Figure 4.3: How to interpret distance of a p53RE to the nearest HGNC Gene Location

4.1.2 Genomic coordinate filtering by chromosome and location

The next three filters allow users to filter p53RE (rows) by chromosome and position. Users can restrict the data displayed to a single chromosome using the dropdown box. Chromosomes are listed in numerical order (from 1-22) and then by chrX, Y, and M. Users can also filter p53RE by their position on a chromosome using the Chromosome Start and Chromosome Stop input boxes. Entering a number in the Chromosome Start box will filter rows where the p53RE is found 3’ (higher number) of the value input. Entering a number in the Chromosome Stop box will restrict the data to p53RE that are found 5’ (lower number) to the input value. For example, selecting chr19 and restricting the Chromosome Start and Stop to 500000 and 550000, respectively, (solid box, Figure 4.4) will find 6 entries (dashed box, Figure 4.4). This functionality is similar to using common genome browsers (like UCSC) and restricting the “view” to chr19:500000-550000.

Note that any numbers input into the Chromosome Start or Chromosome Stop boxes must be free of any commas or other delimiters.

Figure 4.4: Filtering p53RE by chromosome location and position

4.2 p53 Binding Filters

This filtering panel allows for users to select p53RE with observed, in vivo p53 occupancy defined in a series of 4 different meta-analyses.

[1] A. Verfaillie et al., “Multiplex enhancer-reporter assays uncover unsophisticated TP53 enhancer logic,” Genome Res., vol. 26, no. 7, pp. 882–895, Jul. 2016, doi: 10.1101/gr.204149.116.

[2] K. Riege, H. Kretzmer, A. Sahm, S. S. McDade, S. Hoffmann, and M. Fischer, “Dissecting the DNA binding landscape and gene regulatory network of p63 and p53.,” Elife, vol. 9, Dec. 2020, doi: 10.7554/eLife.63266.

[3] T.-A. T. Nguyen et al., “Revealing a human p53 universe,” Nucleic Acids Research, Aug. 2018, doi: 10.1093/nar/gky720.

[4] F. Hammal, P. de Langen, A. Bergon, F. Lopez, and B. Ballester, “ReMap 2022: a database of Human, Mouse, Drosophila and Arabidopsis regulatory regions from an integrative analysis of DNA-binding sequencing experiments,” Nucleic Acids Res, vol. 50, no. D1, pp. D316–D325, Jan. 2022, doi: 10.1093/nar/gkab996.

The first dropdown box allows users to filter based on whether the p53RE was bound by p53 in at least one of the 4 meta-analyses (Figure 4.5). This represents the least stringent p53 binding filter because it allows that the occupancy was observed in a single experiment. Selecting NO will display p53RE without p53 binding in these studies, while selecting ANY will display all p53RE (rows) that pass all other filters. When users first start the p53motifDB, the default filtering scheme is to only display p53RE (rows) that have at least one observation of p53 binding across the 4 meta-analyses.

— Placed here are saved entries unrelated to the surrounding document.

(* Let $\Bbbk$ be a commutative ring of global dimension zero, $C$ a $\Bbbk$-coalgebra with comultiplication $\Delta$, and $M$ a right $C$-comodule that is finitely generated as a $\Bbbk$-module, with coaction $\rho\colon M\to M\otimes C$. The $\Bbbk$-linear map $\mathrm{tr}^C\colon\mathrm{End}_C(M)\to C$, $\mathrm{tr}^C(f)=\mathrm{tr}(\rho\circ f)$, is a cotrace, i.e. $\Delta(\mathrm{tr}^C(f))=\tau(\Delta(\mathrm{tr}^C(f)))$ for all $f\in\mathrm{End}_C(M)$. In particular $\mathrm{tr}^C$ factors uniquely through the inclusion $\mathrm{coHH}_0(C)\hookrightarrow C$.
   Context: $\tau$ is the swap $C\otimes C\to C\otimes C$. $\mathrm{End}_C(M)$ is the $\Bbbk$-module of right $C$-colinear endomorphisms. $\mathrm{coHH}_0(C)=\ker(\Delta-\tau\circ\Delta)$. For a $\Bbbk$-linear $g\colon M\to M\otimes C$, its twisted trace is $\mathrm{tr}(g)=\sum_i (e_i^*\otimes\mathrm{id}_C)(g(e_i))\in C$ for a $\Bbbk$-basis $(e_i)$ of $M$ with dual basis $(e_i^* )$; thus $\mathrm{tr}^C(f)=\sum_i\sum e_i^*(f(e_{i(0)}))e_{i(1)}$ in Sweedler notation $\rho(m)=\sum m_{(0)}\otimes m_{(1)}$. *)

theory Defs
  imports Main "HOL.Modules" "HOL-Library.Function_Algebras"
begin

text \<open>A commutative ring has global dimension zero iff it is semisimple, i.e. every
  ideal is a direct summand of the ring.  Ideals are the submodules of the ring
  regarded as a module over itself.\<close>

definition gldim_zero :: "'k::comm_ring_1 itself \<Rightarrow> bool" where
  "gldim_zero _ \<longleftrightarrow>
     (\<forall>I::'k set. module.subspace (*) I \<longrightarrow>
        (\<exists>J. module.subspace (*) J \<and> I \<inter> J = {0} \<and> (\<forall>x. \<exists>a\<in>I. \<exists>b\<in>J. x = a + b)))"

section \<open>Tensor products (as the quotient of the free module by the bilinearity relations)\<close>

definition free_scale :: "'k::comm_ring_1 \<Rightarrow> ('a \<Rightarrow> 'k) \<Rightarrow> ('a \<Rightarrow> 'k)" where
  "free_scale c \<phi> = (\<lambda>x. c * \<phi> x)"
lemma add_max_swap:
  assumes k: "k \<in> A'" and d: "(S, w) \<in> derangementsB (A' - {k})"
  shows "add_max_swap ((k, S, w), s) \<in> swapping_max"
    and "del_max_swap (add_max_swap ((k, S, w), s)) = ((k, S, w), s)"
    and "weightB (add_max_swap ((k, S, w), s)) = [:0,1:] * weightB (S, w)"
proof -
  have S: "signed_set (A' - {k}) S" and wp: "w permutes S" and der: "\<forall>a\<in>S. a > 0 \<longrightarrow> w a \<noteq> a"
    using d unfolding derangementsB_def by auto
  have kpos: "k > 0" using k zero_notin by (cases k) auto
  define b where "b = signed_max s"
  define w2 where "w2 = w \<circ> transpose (int k) b"
  have add: "add_max_swap ((k, S, w), s) = (insert b (insert (int k) S), w2)"
    by (simp add: b_def w2_def)
  have S1: "signed_set A' (insert (int k) S)"
    using signed_set_insert[OF S, of k "int k"] k kpos by (simp add: insert_absorb)
  have S2: "signed_set A (insert b (insert (int k) S))"
    using signed_set_insert_max[OF S1] b_def by simp
  have max_b: "max_entry (insert b (insert (int k) S)) = b" using max_entry_insert[OF S1] b_def by simp
  have b_new: "b \<notin> insert (int k) S" using signed_max_notin[OF S1] b_def by simp
  have k_new: "int k \<notin> S" using signed_set_mem[OF S] by (metis Diff_iff insertI1 nat_int abs_of_nat)
  have fixed: "w (int k) = int k" "w b = b" using permutes_not_in[OF wp] k_new b_new by auto
  have w2b: "w2 b = int k" and w2k: "w2 (int k) = b" using fixed b_new unfolding w2_def by auto
  have w2_other: "x \<noteq> int k \<Longrightarrow> x \<noteq> b \<Longrightarrow> w2 x = w x" for x unfolding w2_def by simp
  have "w2 \<circ> transpose (int k) b = w" "(b > 0) = s" "insert b (insert (int k) S) - {b, int k} = S"
    using m_pos k_new b_new unfolding w2_def b_def by (auto simp: comp_assoc)
  then show "del_max_swap (add_max_swap ((k, S, w), s)) = ((k, S, w), s)"
    unfolding add using max_b w2b by simp
  have "w2 permutes insert b (insert (int k) S)" unfolding w2_def
    by (rule permutes_compose[OF permutes_swap_id permutes_subset[OF wp]]) auto
  moreover have "\<forall>a\<in>insert b (insert (int k) S). a > 0 \<longrightarrow> w2 a \<noteq> a"
  proof (intro ballI impI)
    fix a assume a: "a \<in> insert b (insert (int k) S)" "a > 0"
    show "w2 a \<noteq> a"
    proof (cases "a = b \<or> a = int k")
      case True
      then show ?thesis using w2b w2k b_new by auto
    next
      case False
      then show ?thesis using a w2_other der by auto
    qed
  qed
  ultimately show "add_max_swap ((k, S, w), s) \<in> swapping_max"
    unfolding add using S2 max_b w2b w2k b_new kpos
    by (simp add: swapping_max_def derangementsB_def)
  have "excB (insert b (insert (int k) S)) w2 = Suc (excB S w)"
    unfolding b_def w2_def by (rule excB_insert_max_swap[OF k S wp])
  then show "weightB (add_max_swap ((k, S, w), s)) = [:0,1:] * weightB (S, w)"
    unfolding add by (simp add: monom_Suc)
qed

lemma del_max_swap:
  assumes "(S, w) \<in> swapping_max"
  shows "del_max_swap (S, w) \<in> (SIGMA k:A'. derangementsB (A' - {k})) \<times> (UNIV :: bool set)"
    and "add_max_swap (del_max_swap (S, w)) = (S, w)"
proof -
  define b where "b = max_entry S"
  define c where "c = w b"
  have S: "signed_set A S" and wp: "w permutes S" and der: "\<forall>a\<in>S. a > 0 \<longrightarrow> w a \<noteq> a"
    and cb: "c \<noteq> b" and wc: "w c = b" and cpos: "c > 0"
    using assms unfolding swapping_max_def derangementsB_def b_def c_def by auto
  have bS: "b \<in> S" using max_entry_mem[OF S] b_def by simp
  have cS: "c \<in> S" using bS wp c_def by (simp add: permutes_in_image)
  have "signed_max (b > 0) = b" "int (nat c) = c" "w \<circ> transpose c b \<circ> transpose c b = w"
    using b_def cpos m_pos by (auto simp: max_entry_def comp_assoc)
  then show "add_max_swap (del_max_swap (S, w)) = (S, w)"
    using bS cS by (simp add: b_def[symmetric] c_def[symmetric]) (auto simp: max_entry_def)
  have S1: "signed_set A' (S - {b})" using signed_set_remove_max[OF S] b_def by simp
  have "nat \<bar>c\<bar> = nat c" using cpos by simp
  then have S2: "signed_set (A' - {nat c}) (S - {b, c})" and "nat c \<in> A'"
    using signed_set_remove[OF S1 _, of c] signed_set_mem[OF S1, of c] cS cb zero_notin
    by (auto simp: insert_commute Diff_insert2[symmetric])
  define w2 where "w2 = w \<circ> transpose c b"
  have "w2 permutes S"
    unfolding w2_def by (rule permutes_compose[OF permutes_swap_id[OF cS bS] wp])
  moreover have "w2 c = c" "w2 b = b" using wc c_def unfolding w2_def by auto
  ultimately have "w2 permutes (S - {b, c})"
    using permutes_superset[of w2 S "S - {b, c}"] by auto
  moreover have "\<forall>a\<in>S - {b, c}. a > 0 \<longrightarrow> w2 a \<noteq> a" using der unfolding w2_def by auto
  ultimately show "del_max_swap (S, w) \<in> (SIGMA k:A'. derangementsB (A' - {k})) \<times> (UNIV :: bool set)"
    using S2 \<open>nat c \<in> A'\<close> unfolding derangementsB_def
    by (simp add: b_def[symmetric] c_def[symmetric] w2_def[symmetric])
qed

The remaining 4 dropdown boxes limit the filtering to individual p53 binding meta-analyses. In-depth, specific information on the underlying meta-analyses data can best be found in the specific manuscripts listed above. Users can export some of this information from Riege et al and the ReMap 2022 analysis, including specific cell lines and conditions where p53 binding was observed. in the “Query Other Datasets” Chapter 6).

Figure 4.5: Filtering p53RE by p53 protein occupancy

4.3 Chromatin Filters

The second group of filters allows users to select p53RE that fall within genomic regions that have characteristics of putative transcriptional regulatory regions. The ENCODE Project identified genomic regions with defined chromatin structure characteristics. The goal was to segment the genome into functional regions, such as regions that are likely to be enhancers or promoters or regions that are likely to be heterochromatin. The p53motifBD surveyed p53RE locations relative to these chromatin-based functional genome segmentations. Below, we describe the three types of segmentation and how users can filter p53RE based on these characteristics.

4.3.1 Candidate cis-regulatory elements (cCRE)

The first filter allows users to select p53RE that overlap candidate Cis-Regulatory Elements (cCRE). These elements were defined by integrating DNase and ATAC accessibility information, H3K4me3 and H3K27ac enrichment, and binding by CTCF or other transcription factors.

Figure 4.6: Filtering by candidate Cis-Regulatory Element (cCRE)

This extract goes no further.